[[ TASK INPUTS open ]]

lemma lead_terms_sqfree_divisor:
  fixes N :: "'k::comm_ring_1 mvec set"
  assumes N: "is_submodule n k N" and graded: "is_graded N" and sqfree: "N \<subseteq> sqfree_multiples n k N"
    and aj: "(a, j) \<in> lead_terms N"
  obtains s e where "a = s + e" "sqfree_deg s" "(s, j) \<in> lead_terms N"
proof -
  obtain v where v: "v \<in> N" "v \<noteq> (\<lambda>j. 0)" and lt: "lead_term v = (a, j)"
    using aj by (auto simp: lead_terms_def)
  have v_Fk: "in_Fk n k v"
    using submodule_in_Fk[OF N v(1)] .
  obtain s e w where se: "a = s + e" "sqfree_deg s" and w: "w \<in> N"
    and hcomp_a: "hcomp a v = (\<lambda>i. monomial e * w i)"
    using sqfree v(1) unfolding sqfree_multiples_def by blast
  define w' where "w' = hcomp s w"
  have "Poly_Mapping.lookup (v i) a = Poly_Mapping.lookup (w i) s" for i
    using arg_cong[OF hcomp_a, of "\<lambda>u. Poly_Mapping.lookup (u i) a"]
    by (simp add: hcomp_def se add.commute lookup_single_mult_add)
  then have vterms_w': "(b, i) \<in> vterms w' \<longleftrightarrow> b = s \<and> (a, i) \<in> vterms v" for b i
    by (auto simp: w'_def hcomp_def vterms_def in_keys_iff)
  \<comment> \<open>All terms of \<open>w'\<close> share the monomial \<open>x\<^sup>s\<close>, so its leading term is decided by position alone,
    exactly as among the terms \<open>x\<^sup>a e\<^sub>i\<close> of \<open>v\<close>.\<close>
  have "lead_term w' = (s, j)"
  proof (rule lead_term_eqI)
    show "(s, j) \<in> vterms w'"
      using lead_term_in_vterms[OF v_Fk v(2)] lt vterms_w' by simp
    fix t assume "t \<in> vterms w'" "t \<noteq> (s, j)"
    then obtain i where "t = (s, i)" "(a, i) \<in> vterms v" "i \<noteq> j"
      using vterms_w' by (cases t) auto
    then show "term_less t (s, j)"
      using lead_term_greatest[OF v_Fk v(2), of "(a, i)"] lt
      by (auto simp: term_less_def lex_less_iff_less)
  qed
  moreover have "w' \<in> N"
    using graded w by (simp add: is_graded_def w'_def)
  moreover have "w' \<noteq> (\<lambda>j. 0)"
    using calculation(1) lead_term_in_vterms[OF v_Fk v(2)] lt vterms_w'
    by (auto simp flip: vterms_eq_empty_iff)
  ultimately have "(s, j) \<in> lead_terms N"
    unfolding lead_terms_def by force
  with se show ?thesis
    using that by blast
qed

theorem proposition4p10:
  fixes n k :: nat and N :: "'k::field mvec set"
  assumes "is_submodule n k N"
    and "is_graded N"
    and "gen_in_sqfree_degrees n k N"
  shows "is_submodule n k (initial_module n k N) \<and> is_graded (initial_module n k N) \<and>
         (\<exists>I :: nat \<Rightarrow> 'k mpoly set.
            (\<forall>j<k. sqfree_monomial_ideal n (I j)) \<and>
            initial_module n k N = {v. in_Fk n k v \<and> (\<forall>j<k. v j \<in> I j)})"
proof -
  define M where "M j = {s. sqfree_deg s \<and> (s, j) \<in> lead_terms N}" for j
  define I where "I j = gen_ideal n (monomial ` M j :: 'k mpoly set)" for j
  note bounded = lead_terms_bounded[OF assms(1)]
  note sqfree_divisor = lead_terms_sqfree_divisor[OF assms(1,2) subset_sqfree_multiples[OF assms(1,3)]]
  have M_bounded: "\<forall>s\<in>M j. Poly_Mapping.keys s \<subseteq> {..<n}" for j
    using bounded by (auto simp: M_def)
  have "gen_ideal n (monomial ` {a. (a, j) \<in> lead_terms N}) = I j" for j
    unfolding I_def using bounded sqfree_divisor by (intro gen_ideal_monomials_eqI) (auto simp: M_def, blast)
  then have initial: "initial_module n k N = {v. in_Fk n k v \<and> (\<forall>j<k. v j \<in> I j)}"
    using bounded by (simp add: initial_module_eq_lead_terms gen_submodule_term_vecs)
  have "is_submodule n k (initial_module n k N)"
    unfolding initial I_def using M_bounded
    by (intro is_submodule_componentwise is_ideal_gen_ideal) (auto intro: in_S_single)
  moreover have "is_graded (initial_module n k N)"
    unfolding initial I_def using M_bounded by (rule is_graded_componentwise_monomial)
  moreover have "sqfree_monomial_ideal n (I j)" for j
    unfolding sqfree_monomial_ideal_def I_def using M_bounded[of j]
    by (intro exI[of _ "M j"]) (simp add: M_def)
  ultimately show ?thesis
    using initial by blast
qed

end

[[ TASK INPUTS closed ]]

Verbatim reproduction of the entries is required.

lemma lead_terms_sqfree_divisor:
  fixes N :: "'k::comm_ring_1 mvec set"
  assumes N: "is_submodule n k N" and graded: "is_graded N" and sqfree: "N \<subseteq> sqfree_multiples n k N"
    and aj: "(a, j) \<in> lead_terms N"
  obtains s e where "a = s + e" "sqfree_deg s" "(s, j) \<in> lead_terms N"
proof -
  obtain v where v: "v \<in> N" "v \<noteq> (\<lambda>j. 0)" and lt: "lead_term v = (a, j)"
    using aj by (auto simp: lead_terms_def)
  have v_Fk: "in_Fk n k v"
    using submodule_in_Fk[OF N v(1)] .
  obtain s e w where se: "a = s + e" "sqfree_deg s" and w: "w \<in> N"
    and hcomp_a: "hcomp a v = (\<lambda>i. monomial e * w i)"
    using sqfree v(1) unfolding sqfree_multiples_def by blast
  define w' where "w' = hcomp s w"
  have "Poly_Mapping.lookup (v i) a = Poly_Mapping.lookup (w i) s" for i
    using arg_cong[OF hcomp_a, of "\<lambda>u. Poly_Mapping.lookup (u i) a"]
    by (simp add: hcomp_def se add.commute lookup_single_mult_add)
  then have vterms_w': "(b, i) \<in> vterms w' \<longleftrightarrow> b = s \<and> (a, i) \<in> vterms v" for b i
    by (auto simp: w'_def hcomp_def vterms_def in_keys_iff)
  \<comment> \<open>All terms of \<open>w'\<close> share the monomial \<open>x\<^sup>s\<close>, so its leading term is decided by position alone,
    exactly as among the terms \<open>x\<^sup>a e\<^sub>i\<close> of \<open>v\<close>.\<close>
  have "lead_term w' = (s, j)"
  proof (rule lead_term_eqI)
    show "(s, j) \<in> vterms w'"
      using lead_term_in_vterms[OF v_Fk v(2)] lt vterms_w' by simp
    fix t assume "t \<in> vterms w'" "t \<noteq> (s, j)"
    then obtain i where "t = (s, i)" "(a, i) \<in> vterms v" "i \<noteq> j"
      using vterms_w' by (cases t) auto
    then show "term_less t (s, j)"
      using lead_term_greatest[OF v_Fk v(2), of "(a, i)"] lt
      by (auto simp: term_less_def lex_less_iff_less)
  qed
  moreover have "w' \<in> N"
    using graded w by (simp add: is_graded_def w'_def)
  moreover have "w' \<noteq> (\<lambda>j. 0)"
    using calculation(1) lead_term_in_vterms[OF v_Fk v(2)] lt vterms_w'
    by (auto simp flip: vterms_eq_empty_iff)
  ultimately have "(s, j) \<in> lead_terms N"
    unfolding lead_terms_def by force
  with se show ?thesis
    using that by blast
qed

theorem proposition4p10:
  fixes n k :: nat and N :: "'k::field mvec set"
  assumes "is_submodule n k N"
    and "is_graded N"
    and "gen_in_sqfree_degrees n k N"
  shows "is_submodule n k (initial_module n k N) \<and> is_graded (initial_module n k N) \<and>
         (\<exists>I :: nat \<Rightarrow> 'k mpoly set.
            (\<forall>j<k. sqfree_monomial_ideal n (I j)) \<and>
            initial_module n k N = {v. in_Fk n k v \<and> (\<forall>j<k. v j \<in> I j)})"
proof -
  define M where "M j = {s. sqfree_deg s \<and> (s, j) \<in> lead_terms N}" for j
  define I where "I j = gen_ideal n (monomial ` M j :: 'k mpoly set)" for j
  note bounded = lead_terms_bounded[OF assms(1)]
  note sqfree_divisor = lead_terms_sqfree_divisor[OF assms(1,2) subset_sqfree_multiples[OF assms(1,3)]]
  have M_bounded: "\<forall>s\<in>M j. Poly_Mapping.keys s \<subseteq> {..<n}" for j
    using bounded by (auto simp: M_def)
  have "gen_ideal n (monomial ` {a. (a, j) \<in> lead_terms N}) = I j" for j
    unfolding I_def using bounded sqfree_divisor by (intro gen_ideal_monomials_eqI) (auto simp: M_def, blast)
  then have initial: "initial_module n k N = {v. in_Fk n k v \<and> (\<forall>j<k. v j \<in> I j)}"
    using bounded by (simp add: initial_module_eq_lead_terms gen_submodule_term_vecs)
  have "is_submodule n k (initial_module n k N)"
    unfolding initial I_def using M_bounded
    by (intro is_submodule_componentwise is_ideal_gen_ideal) (auto intro: in_S_single)
  moreover have "is_graded (initial_module n k N)"
    unfolding initial I_def using M_bounded by (rule is_graded_componentwise_monomial)
  moreover have "sqfree_monomial_ideal n (I j)" for j
    unfolding sqfree_monomial_ideal_def I_def using M_bounded[of j]
    by (intro exI[of _ "M j"]) (simp add: M_def)
  ultimately show ?thesis
    using initial by blast
qed

end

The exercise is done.